Requirement:
Consider the listing below. Extract exactly the lines from the line containing "the Cartesian property" to the line containing "kernel are those", both included.
────────────────────
fun Ck_Rn :: "nat \<Rightarrow> nat \<Rightarrow> ((nat \<Rightarrow> real) \<Rightarrow> real) \<Rightarrow> bool" where
  "Ck_Rn n 0 \<phi> = continuous_on (Rn n) \<phi>"
| "Ck_Rn n (Suc k) \<phi> = (continuous_on (Rn n) \<phi> \<and>
     (\<forall>i<n. \<forall>x\<in>Rn n. (\<lambda>t. \<phi> (x(i := x i + t))) differentiable (at 0)) \<and>
     (\<forall>i<n. Ck_Rn n k (pderiv_Rn \<phi> i)))"

definition smooth_Rn :: "nat \<Rightarrow> ((nat \<Rightarrow> real) \<Rightarrow> real) \<Rightarrow> bool" where
  "smooth_Rn n \<phi> \<longleftrightarrow> (\<forall>k. Ck_Rn n k \<phi>)"

type_synonym cart_arr = "nat \<times> nat \<times> ((nat \<Rightarrow> real) \<Rightarrow> (nat \<Rightarrow> real))"

definition Cart :: "(nat, cart_arr) category" where
  "Cart =
     \<lparr> obj = UNIV,
       arr = {(n, m, f). (\<forall>x\<in>Rn n. f x \<in> Rn m) \<and> (\<forall>x. x \<notin> Rn n \<longrightarrow> f x = (\<lambda>_. 0)) \<and>
                         (\<forall>j<m. smooth_Rn n (\<lambda>x. f x j))},
       dom = (\<lambda>(n, m, f). n),
       cod = (\<lambda>(n, m, f). m),
       ident = (\<lambda>n. (n, n, \<lambda>x. if x \<in> Rn n then x else (\<lambda>_. 0))),
       comp = (\<lambda>(m', k, g) (n, m, f). (n, k, \<lambda>x. if x \<in> Rn n then g (f x) else (\<lambda>_. 0))) \<rparr>"

definition smooth_2group :: "(nat, cart_arr, 'h, 'hm) grp2 \<Rightarrow> bool" where
  "smooth_2group G \<longleftrightarrow> two_group_over Cart G"

definition smooth_2group_hom ::
  "(nat, cart_arr, 'h, 'hm) grp2 \<Rightarrow> (nat, cart_arr, 'k, 'km) grp2 \<Rightarrow>
   ('h, 'hm, nat, 'k, 'km) grp2_hom \<Rightarrow> bool" where
  "smooth_2group_hom G K P \<longleftrightarrow> smooth_2group G \<and> smooth_2group K \<and> two_group_hom Cart G K P"

end

theory Submission
  imports Defs
begin

text \<open>An object of the homotopy kernel is a point h of H together with a vertical isomorphism
  e from p h to u (\<pi> h); only the fibred structure of H, K, p and u matters, not the monoidal one.
  A base arrow f into \<pi> h is lifted by lifting it to some z in H and transporting e along z:
  the Cartesian property of u f in K factors e \<circ> p z through u f by a vertical arrow, and
  vertical arrows of a fibration in groupoids are invertible. Cartesian factorizations in the
  kernel are those of H; that the factor w is compatible with the chosen isomorphisms follows
  because e1 \<circ> p w and u (\<pi> w) \<circ> e0 lie over the same base arrow and become equal after composing
  with u z1, and Cartesian arrows of K cancel on the left.\<close>

lemma category_obj_of_hom:
  assumes "is_category C" and "f \<in> hom C a b"
  shows "a \<in> obj C" and "b \<in> obj C"
  using assms unfolding is_category_def hom_def by blast+

lemma category_ident_in_hom: "is_category C \<Longrightarrow> a \<in> obj C \<Longrightarrow> ident C a \<in> hom C a a"
  unfolding is_category_def by blast

lemma category_comp_in_hom:
  "is_category C \<Longrightarrow> f \<in> hom C a b \<Longrightarrow> g \<in> hom C b c \<Longrightarrow> comp C g f \<in> hom C a c"
  unfolding is_category_def hom_def by simp

lemma category_comp_ident_left: "is_category C \<Longrightarrow> f \<in> hom C a b \<Longrightarrow> comp C (ident C b) f = f"
  unfolding is_category_def hom_def by fastforce

lemma category_comp_ident_right: "is_category C \<Longrightarrow> f \<in> hom C a b \<Longrightarrow> comp C f (ident C a) = f"
  unfolding is_category_def hom_def by fastforce

lemma category_comp_assoc:
  "is_category C \<Longrightarrow> f \<in> hom C a b \<Longrightarrow> g \<in> hom C b c \<Longrightarrow> h \<in> hom C c d \<Longrightarrow>
    comp C h (comp C g f) = comp C (comp C h g) f"
  unfolding is_category_def hom_def by simp

lemma functor_obj: "is_functor C D Fo Fa \<Longrightarrow> a \<in> obj C \<Longrightarrow> Fo a \<in> obj D"
  unfolding is_functor_def by blast

lemma functor_hom: "is_functor C D Fo Fa \<Longrightarrow> f \<in> hom C a b \<Longrightarrow> Fa f \<in> hom D (Fo a) (Fo b)"
  unfolding is_functor_def hom_def by simp

lemma functor_ident: "is_functor C D Fo Fa \<Longrightarrow> a \<in> obj C \<Longrightarrow> Fa (ident C a) = ident D (Fo a)"
  unfolding is_functor_def by blast

lemma functor_comp:
  "is_functor C D Fo Fa \<Longrightarrow> f \<in> hom C a b \<Longrightarrow> g \<in> hom C b c \<Longrightarrow>
    Fa (comp C g f) = comp D (Fa g) (Fa f)"
  unfolding is_functor_def hom_def by simp
(* Let $p, q$ be integers, let $z$ be a positive integer and let $u$ be an integer. Consider the congruence $$xz \equiv 2^q u + y \pmod{2^p}$$ in the integer unknowns $x, y$. Define $$x_0=\left\lceil\frac{2^q u}{z}\right\rceil,\quad y_0 = z x_0 - 2^q u;\qquad x_1=\left\lfloor\frac{2^q u}{z}\right\rfloor,\quad y_1 = z x_1 - 2^p;\qquad x_2=\left\lfloor\frac{2^q u}{z}\right\rfloor+1,\quad y_2 = z x_2 - 2^p.$$ Then every integer solution $(x,y)$ of the congruence is of the form $$\begin{bmatrix} x\\ y\end{bmatrix}=\begin{bmatrix} x_0+\alpha_1 x_1+\alpha_2 x_2\\ y_0+\alpha_1 y_1+\alpha_2 y_2\end{bmatrix}$$ for some integers $\alpha_1,\alpha_2\in\mathbb{Z}$.
   Context: This arises from inverting $F(x)=\lfloor ((xz) \bmod 2^p)/2^q\rfloor$: if $F(x)=u$ then $xz \equiv 2^q u + y \pmod{2^p}$ for some integer $y$ with $0\le y<2^q$. Here $a \bmod n$ denotes the nonnegative remainder of $a$ upon division by $n$. *)

theory Defs
  imports Complex_Main "HOL-Number_Theory.Cong"
begin

end

theory Submission
  imports Defs
begin

text \<open>
  If \<open>x z = c + y + m k\<close>, then \<open>(x, y)\<close> differs from the particular solution
  \<open>(x\<^sub>0, z x\<^sub>0 - c)\<close> by \<open>(x - x\<^sub>0) \<cdot> (1, z) + k \<cdot> (0, -m)\<close>, and these two generators of the
  solution lattice are \<open>(x\<^sub>2, y\<^sub>2) - (x\<^sub>1, y\<^sub>1)\<close> and \<open>(x\<^sub>1, y\<^sub>1) - x\<^sub>1 \<cdot> (1, z)\<close>.
\<close>

lemma cong_solution_decomposition:
  fixes x y z c m x0 f :: int
  assumes "[x * z = c + y] (mod m)"
  shows "\<exists>a1 a2. x = x0 + a1 * f + a2 * (f + 1)
                \<and> y = (z * x0 - c) + a1 * (z * f - m) + a2 * (z * (f + 1) - m)"
proof -
  obtain k where k: "x * z = c + y + m * k"
  proof -
    from assms obtain k' where "c + y = x * z + m * k'"
      unfolding cong_iff_lin by blast
    then show ?thesis using that[of "- k'"] by simp
  qed
  define a2 where "a2 = x - x0 - k * f"
  define a1 where "a1 = k - a2"
  have x_eq: "x = x0 + a1 * f + a2 * (f + 1)"
    unfolding a1_def a2_def by (simp add: algebra_simps)
  have "(z * x0 - c) + a1 * (z * f - m) + a2 * (z * (f + 1) - m)
        = z * (x0 + a1 * f + a2 * (f + 1)) - c - m * (a1 + a2)"
    by (simp add: algebra_simps)
  also have "\<dots> = z * x - c - m * k"
    by (subst x_eq) (simp add: a1_def)
  also have "\<dots> = y"
    using k by (simp add: mult.commute)
  finally show ?thesis using x_eq by metis
qed

theorem theorem1:
  fixes p q :: nat and z u x y :: int
  assumes "z > 0"
    and "[x * z = 2 ^ q * u + y] (mod 2 ^ p)"
  shows "let x0 = \<lceil>real_of_int (2 ^ q * u) / real_of_int z\<rceil>;
             y0 = z * x0 - 2 ^ q * u;
             x1 = \<lfloor>real_of_int (2 ^ q * u) / real_of_int z\<rfloor>;
             y1 = z * x1 - 2 ^ p;
             x2 = \<lfloor>real_of_int (2 ^ q * u) / real_of_int z\<rfloor> + 1;
             y2 = z * x2 - 2 ^ p
         in \<exists>a1 a2 :: int. x = x0 + a1 * x1 + a2 * x2 \<and> y = y0 + a1 * y1 + a2 * y2"
  using cong_solution_decomposition[OF assms(2),
      of "\<lceil>real_of_int (2 ^ q * u) / real_of_int z\<rceil>"
         "\<lfloor>real_of_int (2 ^ q * u) / real_of_int z\<rfloor>"]
  unfolding Let_def by blast

end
────────────────────
Output for this task:
  the Cartesian property of u f in K factors e \<circ> p z through u f by a vertical arrow, and
  vertical arrows of a fibration in groupoids are invertible. Cartesian factorizations in the
  kernel are those of H; that the factor w is compatible with the chosen isomorphisms follows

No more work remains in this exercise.